The text by Ajahn Sumedho ‘brothers and sisters in suffering, old age, sickness and death” is saying, maybe, that we are all in this together and that is what the piece ‘a’ is probably about but it is also about friendliness, solfège and I even threw fragments of other pieces at it. But then again I forgot all of this completely when I had to find a way to actually structure the material and ultimately I went back to Mondrian and it was his dictum of ‘It is necessary that a horizontal or vertical line be constantly interrupted: for unopposed, these directions would again express something ‘particular’’ that guided how I wrote the final result. So, for me, once the actual writing begins, I often forget what gave the piece the initial ‘ignition’, the abstract takes over (perhaps Martin is saying that life ‘cannot be represented’ because it is so multi-faceted and memory so unreliable).

Sketch for ‘a’ (2014)

The ‘beauty of life’ Mondrian referred to in the opening quote is found in the transformation of individual emotions or moments into pure energy and structure. We can experience a form of liberation from being able to ‘drop’ life in the actual making, performing and listening. Maybe Martin and on the opposing side, those who want art to reflect life and the world today are both right? (or maybe both completely wrong!).

Ultimately, then for me, it is about how I can combine and try to balance the man who loves abstraction, distilling everything down and goes on silent retreats with the man who often gets disapproving looks in the monastery for laughing loudly and sobs every time at that scene when Meryl Streep sings in Mama Mia! Here We Go Again (2018).
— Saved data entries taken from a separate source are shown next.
lemma gapped_small_shift:
  fixes q r :: "'a::idom poly"
  assumes gap: "gapped t B M q" and r: "degree r \<le> t"
    and "t \<le> B" "0 < s" "B + s \<le> B'" "B' < M" "\<sigma> \<noteq> 0"
  shows "gapped t B' M (q + r + smult \<sigma> ((q - r) * monom 1 s))" (is "gapped _ _ _ ?q")
proof -
  have r0: "coeff r i = 0" if "t < i" for i
    using r that by (simp add: coeff_eq_0)
  have coeff_q: "coeff ?q i = coeff q i + coeff r i + \<sigma> * (if s \<le> i then coeff (q - r) (i - s) else 0)" for i
    by (simp add: coeff_mult_monom_1)
  have "coeff ?q i = 0" if "B' < i" "i < M" for i
  proof -
    have "B < i" "s \<le> i" "B < i - s" "i - s < M"
      using that assms(5) by auto
    then have "coeff q i = 0" "coeff q (i - s) = 0" "coeff r i = 0" "coeff r (i - s) = 0"
      using gap \<open>i < M\<close> r0 assms(3) unfolding gapped_def by auto
    then show ?thesis
      unfolding coeff_q by simp
  qed
  moreover have "\<exists>j. t < j \<and> j \<le> B' \<and> coeff ?q j \<noteq> 0" if "t < i" "coeff ?q i \<noteq> 0" for i
  proof (cases "\<exists>k>t. coeff q k \<noteq> 0")
    case True
    then obtain k where "t < k" "coeff q k \<noteq> 0"
      by blast
    moreover have "B < M"
      using assms(5,6) by linarith
    ultimately obtain D where D: "t < D" "D \<le> B" "coeff q D \<noteq> 0"
      and above_D: "\<And>k. D < k \<Longrightarrow> k < M \<Longrightarrow> coeff q k = 0"
      using gapped_top_coeff[OF gap] by blast
    have "coeff q (D + s) = 0"
      using above_D assms(4-6) D(2) by simp
    \<comment> \<open>the topmost coefficient of q below the gap, shifted by s, survives\<close>
    then have "coeff ?q (D + s) = \<sigma> * coeff q D"
      using D r0 unfolding coeff_q by simp
    then show ?thesis
      using D assms(5,7) by (intro exI[of _ "D + s"]) auto
  next
    case False
    then have "s \<le> i" "coeff (q - r) (i - s) \<noteq> 0"
      using that r0 unfolding coeff_q by (auto split: if_splits)
    moreover have "coeff (q - r) j = 0" if "t < j" for j
      using False r0 that by simp
    ultimately have "i \<le> t + s"
      by (metis le_diff_conv not_le)
    then show ?thesis
      using that assms(3,5) by (intro exI[of _ i]) auto
  qed
  ultimately show ?thesis
    unfolding gapped_def by blast
qed

lemma gapped_large_shift:
  fixes q r :: "'a::idom poly"
  assumes gap: "gapped t B M q" and r: "degree r \<le> t"
    and low: "\<forall>j\<le>t. coeff (q - r) j = 0" and "t \<le> B" "B < M" "M \<le> t + 1 + s"
  shows "gapped t B M (q + r + smult \<sigma> ((q - r) * monom 1 s))" (is "gapped _ _ _ ?q")
proof -
  have r0: "coeff r i = 0" if "t < i" for i
    using r that by (simp add: coeff_eq_0)
  have coeff_q: "coeff ?q i = coeff q i + coeff r i + \<sigma> * (if s \<le> i then coeff (q - r) (i - s) else 0)" for i
    by (simp add: coeff_mult_monom_1)
  \<comment> \<open>below M the shifted term only sees coefficients of q - r of index at most t, which vanish\<close>
  have below_M: "coeff ?q i = coeff q i" if "t < i" "i < M" for i
  proof -
    have "coeff (q - r) (i - s) = 0" if "s \<le> i"
      using low \<open>i < M\<close> assms(6) by simp
    then show ?thesis
      unfolding coeff_q using r0 \<open>t < i\<close> by simp
  qed
  have "coeff ?q i = 0" if "B < i" "i < M" for i
  proof -
    have "coeff ?q i = coeff q i"
      using that assms(4) by (intro below_M) auto
    then show ?thesis
      using gap that unfolding gapped_def by simp
  qed
  moreover have "\<exists>j. t < j \<and> j \<le> B \<and> coeff ?q j \<noteq> 0" if "t < i" "coeff ?q i \<noteq> 0" for i
  proof -
    have "\<exists>k>t. coeff q k \<noteq> 0"
    proof (cases "coeff q i = 0")
      case True
      then have "s \<le> i" "coeff (q - r) (i - s) \<noteq> 0"
        using that r0 unfolding coeff_q by (auto split: if_splits)
      moreover have "coeff (q - r) (i - s) = coeff q (i - s)" if "t < i - s"
        using r0 that by simp
      ultimately show ?thesis
        using low by (metis not_le)
    qed (use that in auto)
    then obtain j where "t < j" "j \<le> B" "coeff q j \<noteq> 0"
      using gap unfolding gapped_def by blast
    moreover have "coeff ?q j = coeff q j"
      using \<open>t < j\<close> \<open>j \<le> B\<close> assms(5) by (intro below_M) auto
    ultimately show ?thesis
      by metis
  qed
  ultimately show ?thesis
    unfolding gapped_def by blast
qed

definition signed_oplus :: "'a::idom \<Rightarrow> 'a poly \<Rightarrow> 'a poly \<Rightarrow> 'a poly" where
  "signed_oplus \<sigma> q r = q + r + smult \<sigma> ((q - r) * monom 1 (2 ^ order 0 (q - r)))"

lemma hmult_commute: "hmult (p - q) = hmult (q - p)"
  by (metis hmult_def minus_diff_eq order_uminus)

lemma oplus_eq_signed_oplus:
  "oplus p q = signed_oplus 1 p q" "oplus p q = signed_oplus (-1) q p"
  using hmult_commute[of p q] by (simp_all add: oplus_def signed_oplus_def hmult_def algebra_simps)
I hope both can belong: I think the writer Robert Walser finds the balance and distills what could be my borrowed manifesto when he writes (in ‘My Endeavours’), ‘if I sometimes wrote at a venture, on impulse, it looked a bit comical to deadly earnest people; but I was experimenting with language, hoping that it contains an unknown livingness, the arousal of which is a joy’.[xi]

 

For more of Andrew Hamilton’s work see his official website: https://andyfhamilton.com/. Andrew’s album Joy is released on Ergodos today as a download and a limited edition CD (with download): https://ergodos.ie/shop/releases/joy/.

 

 

[i]  Piet Mondrian, Pure Art and Pure Plastic Art, and Other Essays, New York: Wittenborn and Company, 1947, p. 32.

[ii]  Paul Schrader, Transcendental Style in Film: Ozu, Bresson, Dreyer, Berkeley, California: University of California Press, 2018, p. 113.

[iii]  Ajahn Sumedho, The Way It Is, Hertfordshire, England: Amaravati Publications, 1991, p. 140.

[iv]  Agnes Martin, Writings, Ostfildern-Ruit: Cantz, 1992, p. 16.

[v]  Ibid., p. 155

[vi]  Ibid.

[vii]  Piet Mondrian, Piet Mondrian: From Figuration to Abstraction, London: Thames and Hudson: 1988, p. 198.

[viii]  Ol Parker (director), Mama Mia! Here We Go Again, California: Universal Pictures, 2018.

[ix]  Rober Walser, Speaking To The Rose: Writings 1912-1932, Nebraska: University of Nebraska Press, 2005, p. 102.